Seniors Straining Economic Support

The globe is heading toward a challenging population problem that could develop into a crisis, or even a calamity. We’re aging.

There were slightly more than 900 million people – about 12 percent — around the world aged 60 years and older in 2015. This number is expected to increase to 1.4 billion by 2030, an increase of more than 16 percent.
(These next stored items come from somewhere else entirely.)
text \<open>The first claim is the second block row of the Newton system, divided by \<open>\<lambda>\<^sub>i\<close> resp. \<open>x\<^sub>i\<close>.
For the estimate, \<open>x\<^sub>i \<lambda>\<^sub>i = O(\<mu>)\<close> because the complementarity residual is \<open>O(\<mu>)\<close>, the Newton step
is \<open>O(\<mu>)\<close> because \<open>F'\<close> has a uniformly bounded inverse and the right-hand side is \<open>O(\<mu>)\<close>, and
near the barrier trajectory strict complementarity keeps \<open>\<lambda>\<^sub>i\<close> (for \<open>i \<in> \<A>\<close>) resp. \<open>x\<^sub>i\<close>
(for \<open>i \<in> \<I>\<close>) bounded away from zero. Hence \<open>(x\<^sub>i/\<lambda>\<^sub>i) \<Delta>\<lambda>\<^sub>i\<^sup>N\<close> and \<open>(\<lambda>\<^sub>i/x\<^sub>i) \<Delta>x\<^sub>i\<^sup>N\<close>
are \<open>O(\<mu>) \<cdot> O(\<mu>)\<close> on these index sets.\<close>

lemma linear_Fprime: "linear (Fprime H x l)"
  unfolding Fprime_def
  by (intro linearI) (auto simp: vec_eq_iff matrix_vector_right_distrib algebra_simps)

lemma norm_le_onorm_inv:
  fixes F :: "'a::euclidean_space \<Rightarrow> 'a"
  assumes "linear F" "bij F" "F d = y"
  shows "norm d \<le> onorm (inv F) * norm y"
proof -
  have "bounded_linear (inv F)"
    using assms(1,2) by (metis bij_is_inj inj_linear_imp_inv_linear linear_linear)
  moreover have "d = inv F y"
    using assms(2,3) by (metis bij_is_inj inv_f_f)
  ultimately show ?thesis
    using onorm by blast
qed

lemma abs_fst_component_le_norm: "\<bar>fst p $ i\<bar> \<le> norm p"
  for p :: "(real^'n) \<times> 'b::real_normed_vector"
  by (metis component_le_norm_cart norm_fst_le order_trans prod.collapse)

lemma abs_snd_component_le_norm: "\<bar>snd p $ i\<bar> \<le> norm p"
  for p :: "'b::real_normed_vector \<times> (real^'n)"
  by (metis component_le_norm_cart norm_snd_le order_trans prod.collapse)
By 2050, one out of five people – 2.1 billion scattered all over the globe — will be 60 or older.

Since most of these people will be out of the work force, they will have to have fashioned their own retirement plans or be supported by somebody. Most people in most countries think the government should take care of its elderly. This socialism brush could be wider than anticipated and affect how the nations of the world are governed in the near future.

This rapidly aging population is creating an unprecedented set of problems, including a rapidly spreading and more diverse set of diseases, increased spending of time and money on health and long-term care, labor shortages, and steadily rising inflation chewing away at old-age income.

Adding calluses to the problem is the fact that Social Security payments will probably be lowered when the surplus in the trust funds is depleted. The $2.9 trillion in reserves reported in 2020 is expected to be spent by in 2034. When that happens, benefits payments will probably be slashed by about 25 percent if adjustments aren’t made in the meantime. This is happening because of the millennial surge into retirement age and the dwindling labor force that has Social Security support deducted from their paychecks.

Simply, fewer workers are paying for more Social Security recipients. While every elected official in Washington and every economist in the country knows the problem exists, no one has made any moves to fix all or part of it.

Not only are populations around the world aging, they’re having fewer kids. That means a diminishing number of workers burdened by a growing number of seniors.